Dataset entries:

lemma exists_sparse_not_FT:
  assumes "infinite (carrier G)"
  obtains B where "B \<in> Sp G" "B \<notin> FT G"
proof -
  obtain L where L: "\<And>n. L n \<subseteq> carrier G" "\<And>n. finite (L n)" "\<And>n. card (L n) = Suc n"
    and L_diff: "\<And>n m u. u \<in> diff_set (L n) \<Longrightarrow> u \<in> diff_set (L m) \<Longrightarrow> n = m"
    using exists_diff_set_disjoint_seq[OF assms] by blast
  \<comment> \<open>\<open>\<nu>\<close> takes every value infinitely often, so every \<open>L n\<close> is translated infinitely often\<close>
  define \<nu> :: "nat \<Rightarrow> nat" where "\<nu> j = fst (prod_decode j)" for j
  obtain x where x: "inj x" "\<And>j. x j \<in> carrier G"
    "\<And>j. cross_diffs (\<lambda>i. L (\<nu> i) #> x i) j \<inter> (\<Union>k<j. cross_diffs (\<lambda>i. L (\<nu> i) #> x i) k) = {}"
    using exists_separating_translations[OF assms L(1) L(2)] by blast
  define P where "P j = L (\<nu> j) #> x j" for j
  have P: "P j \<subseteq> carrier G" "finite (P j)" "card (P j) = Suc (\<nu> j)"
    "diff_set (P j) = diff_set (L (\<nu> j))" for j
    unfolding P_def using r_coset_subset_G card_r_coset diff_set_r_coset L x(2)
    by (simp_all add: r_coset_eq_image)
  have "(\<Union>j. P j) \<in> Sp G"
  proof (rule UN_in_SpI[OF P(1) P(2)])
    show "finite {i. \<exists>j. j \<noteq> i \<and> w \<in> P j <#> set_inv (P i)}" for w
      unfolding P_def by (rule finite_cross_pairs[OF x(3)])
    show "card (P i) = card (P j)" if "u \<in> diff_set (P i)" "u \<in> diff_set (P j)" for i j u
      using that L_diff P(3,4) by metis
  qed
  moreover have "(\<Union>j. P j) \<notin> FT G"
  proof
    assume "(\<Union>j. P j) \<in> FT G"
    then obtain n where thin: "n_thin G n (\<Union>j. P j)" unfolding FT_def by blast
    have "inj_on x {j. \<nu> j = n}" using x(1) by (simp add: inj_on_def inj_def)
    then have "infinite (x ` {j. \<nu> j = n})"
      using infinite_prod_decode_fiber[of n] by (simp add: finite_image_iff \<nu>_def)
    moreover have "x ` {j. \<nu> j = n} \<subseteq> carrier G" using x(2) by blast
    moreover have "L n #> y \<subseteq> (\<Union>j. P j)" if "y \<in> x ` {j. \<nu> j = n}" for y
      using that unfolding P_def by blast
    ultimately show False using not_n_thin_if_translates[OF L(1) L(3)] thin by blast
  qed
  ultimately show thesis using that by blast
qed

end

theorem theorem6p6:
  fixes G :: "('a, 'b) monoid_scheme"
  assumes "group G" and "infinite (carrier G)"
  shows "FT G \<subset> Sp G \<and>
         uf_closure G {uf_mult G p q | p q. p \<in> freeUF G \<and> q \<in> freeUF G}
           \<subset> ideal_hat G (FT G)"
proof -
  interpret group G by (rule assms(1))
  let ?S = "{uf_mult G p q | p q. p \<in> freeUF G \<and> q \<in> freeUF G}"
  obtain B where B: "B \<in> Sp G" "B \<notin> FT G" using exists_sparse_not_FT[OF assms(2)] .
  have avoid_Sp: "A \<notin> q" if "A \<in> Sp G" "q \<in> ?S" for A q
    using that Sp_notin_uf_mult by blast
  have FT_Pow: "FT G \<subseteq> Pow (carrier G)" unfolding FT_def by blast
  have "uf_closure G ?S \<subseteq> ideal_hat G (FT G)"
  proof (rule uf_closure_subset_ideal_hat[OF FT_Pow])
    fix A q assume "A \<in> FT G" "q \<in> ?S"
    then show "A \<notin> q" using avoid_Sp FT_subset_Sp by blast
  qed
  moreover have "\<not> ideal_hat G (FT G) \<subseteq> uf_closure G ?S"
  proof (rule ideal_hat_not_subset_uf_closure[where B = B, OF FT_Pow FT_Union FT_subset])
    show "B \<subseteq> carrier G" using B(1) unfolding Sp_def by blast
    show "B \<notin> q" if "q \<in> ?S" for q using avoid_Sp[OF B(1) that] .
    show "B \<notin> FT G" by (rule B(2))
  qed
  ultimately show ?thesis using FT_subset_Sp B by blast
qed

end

• **Exercise brief**: Report every line in the data that holds "assumes", copying each one.

• **Expected answer**:
  assumes "infinite (carrier G)"
  assumes "group G" and "infinite (carrier G)"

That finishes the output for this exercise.